The NativePython project is a framework for building high-performance real-time distributed systems in Python.
It consists of three modules:
typed_python, a runtime library for expressing type constraints (not just hints) in Python programsnativepython, a compiler for Python programs that takes advantage oftyped_pythonconstraints to generate very efficient code.object_database, distributed software transactional memory, and a suite of tools to build distributed applications
These are standard modules that run on Python 3.6 and higher. You can use them incrementally throughout your project - add a few type constraints here and there, or compile a couple of small but performance-critical functions. As you add more type information, more of your program can be compiled. Everything can still run in interpreter without compilation if you want.
Every time I (Braxton) find myself writing a lot of Python code, I eventually start to miss C++. As my program gets bigger, I find myself losing track of what types are supposed to go where. My code gets littered with 'isinstance' assertions trying to catch mistakes early and provide information about what kinds of types I expect in certain parts of the code. Compilers solve these kinds of problems because the type information is out front directly in the code, and they can find bugs without having to run the program. And of course, I miss the performance you get out of C++ - every time I write some overly complicated numpy code, I think to myself how much easier to understand this code would be if I could only write a loop.
On the other hand, whenever I write a lot of C++, I find myself missing the expressiveness of Python, the ability to iterate without a painful compile cycle, the safety you get from having bad code throw an exception instead of producing a segfault. And of course, nobody likes looking through a ten page error log just to find out that you passed a template parameter in the wrong order.
I developed NativePython to try to have the best of both worlds. Nativepython lets me have a single codebase, written entirely in Python, where I can choose, depending on the context, which style of code I want, from totally free-form Python with total type chaos, to statically typed, highly performant code, and anything in between.
We start with typed_python, which allows you to express the kinds of
semantics you see in strongly typed languages. typed_python provides a set
of datastructures that look and feel like normal Python types such as list,
dict, class, and the rest, but that have explicit type constraints applied
to them.
By using these datastructures, you can catch errors early: for instance, you
can create a ListOf(str), which looks like a list, but will allow only
strings. Later, if you accidentally try to insert None, you'll get an
exception at insertion time, not later when you walk the list and find an
unexpected value inside of it.
Crucially, we allow you to model the natural variation of types present in real python programs: for instance, you can say something like
ListOf(OneOf(None, str, TupleOf(int)))
which is a list whose items must be None, strings, or tuples of integers.
This allows you to continue to write code in a style that's pythonic, where
different values can have different types depending on context, but still add
the kinds of constraints you need to catch errors early.

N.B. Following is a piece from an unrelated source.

(* The maps $\alpha_*,\gamma_*,\alpha_{\le\omega},\gamma_{\le\omega}$ are monotone and form Galois connections: for all $U\subseteq\Sigma^*$, $\mathcal U\in\mathcal M_*$, $\alpha_*(U)\subseteq\mathcal U$ iff $U\subseteq\gamma_*(\mathcal U)$; and for all $V\subseteq\Sigma^{\le\omega}$, $\mathcal V\in\mathcal M_{\le\omega}$, $\alpha_{\le\omega}(V)\subseteq\mathcal V$ iff $V\subseteq\gamma_{\le\omega}(\mathcal V)$. Moreover $\alpha_*(\gamma_*(\mathcal U))=\mathcal U$ and $\alpha_{\le\omega}(\gamma_{\le\omega}(\mathcal V))=\mathcal V$ for all $\mathcal U\in\mathcal M_*$, $\mathcal V\in\mathcal M_{\le\omega}$. Furthermore, all four maps preserve unions and least and greatest elements, and $\gamma_*$ and $\gamma_{\le\omega}$ preserve intersections.
   Context: $\Sigma$ is a finite alphabet, $\Sigma^{\le\omega}=\Sigma^*\cup\Sigma^\omega$; concatenation $w\cdot u$ equals $wu$ if $w$ is finite and $w$ if $w$ is infinite, extended pointwise to languages. For $A\subseteq\Sigma^*$, $A^\omega$ is the set of all words $w_0w_1w_2\cdots$ with $w_i\in A$, and $CD^\omega$ means $C\cdot D^\omega$. Fix an extended Büchi automaton $\mathfrak A=(Q,\Sigma,\delta,q_0,F)$ (finite states, $\delta:Q\times\Sigma\to\mathcal P(Q)$, initial $q_0$, final $F$). For $w\in\Sigma^*$ write $p\overset{w}{\leadsto}q$ if $q$ is reachable from $p$ reading $w$, and $p\overset{w}{\leadsto}_F q$ if there are $q''\in F$, $w=uv$ with $p\overset{u}{\leadsto}q''\overset{v}{\leadsto}q$. For $w,u\in\Sigma^+$, $w\sim u$ iff for all $p,q$: $p\overset{w}{\leadsto}q\Leftrightarrow p\overset{u}{\leadsto}q$ and $p\overset{w}{\leadsto}_Fq\Leftrightarrow p\overset{u}{\leadsto}_Fq$. $\mathcal Q=\Sigma^+/{\sim}\uplus\{[\epsilon]\}$ with $[\epsilon]=\{\epsilon\}$; concatenation of classes is well defined. Let $\mathcal C=\{(C,D)\mid C,D\in\mathcal Q,\ CD=C,\ DD=D\}$. Define $\mathfrak f(V)=\{(C,D)\in\mathcal C\mid CD^\omega\cap V\neq\emptyset\}$ for $V\subseteq\Sigma^{\le\omega}$ and $\mathfrak g(\mathcal V)=\bigcup_{(C,D)\in\mathcal V}CD^\omega$ for $\mathcal V\subseteq\mathcal C$. $\mathcal V$ is closed if $\mathfrak f(\mathfrak g(\mathcal V))=\mathcal V$; the closure is $\mathfrak c(\mathcal V)=\bigcup_{n\ge1}(\mathfrak f\circ\mathfrak g)^n(\mathcal V)$. $\mathcal M_{\le\omega}=\{\mathfrak c(\mathfrak f(V))\mid V\subseteq\Sigma^{\le\omega}\}$ and $\mathcal M_*=\mathcal P(\mathcal Q)$, both ordered by inclusion. Abstraction functions: $\alpha_*(U)=\{C\in\mathcal Q\mid C\cap U\neq\emptyset\}$ for $U\subseteq\Sigma^*$, and $\alpha_{\le\omega}(V)=\mathfrak c(\mathfrak f(V))$ for $V\subseteq\Sigma^{\le\omega}$. Concretization functions: $\gamma_*(\mathcal U)=\bigcup_{C\in\mathcal U}C$ and $\gamma_{\le\omega}(\mathcal V)=\mathfrak g(\mathcal V)$. *)

theory Defs
  imports Main
begin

Separately, the nativepython module provides a compiler for functions that
are expressed in terms of typed_python types. For instance, if you write
@TypedFunction
def sum(l: ListOf(int)):
res = 0
for x in l:
res += x
return res
the compiler can generate far more code efficient than a JIT compiler can, because
it can assume that the list contains integers. In fact, the internal memory representation
of the ListOf(int) is the same as a std::vector<int> in C++, and the code we generate
is essentially equivalent. Of course, this function will work just fine in the
interpreter, so if you don't want to recompile your code (say, while debugging a
failing test), you'll get the normal performance you'd expect out of Python. But if you
compile it, you'll get an enormous speedup.
The standard types that typed_python provides are one-to-one with python,
and are designed to allow you to annotate existing python programs and have
them 'just work'. However, typed_python also provide operations that let you
trade safety for performance. For instance, you can call unsafeGet on a
ListOf object, indicating that you don't want bounds checking. In the
interpreter, if you make an out-of-bounds call you'll get an
UndefinedNativepythonOperation Exception. In compiled code, we'll drop the
bounds check entirely, which in some cases can be a significant performance
improvement.
As of January 25th, 2019, I use typed_python and object_database daily in
our production research and trading application. The nativepython compiler
is just now getting enough features to be useful. It produces pretty good code,
but most functions are still missing, and many optimizations remain. Portions of the
object_database api are likely to change substantially as we work through the
best way to use it.
Checkout the project and run test.py from the root. It will automatically
compile the python extension and run tests. You can filter tests with a regex using test.py --filter=PAT.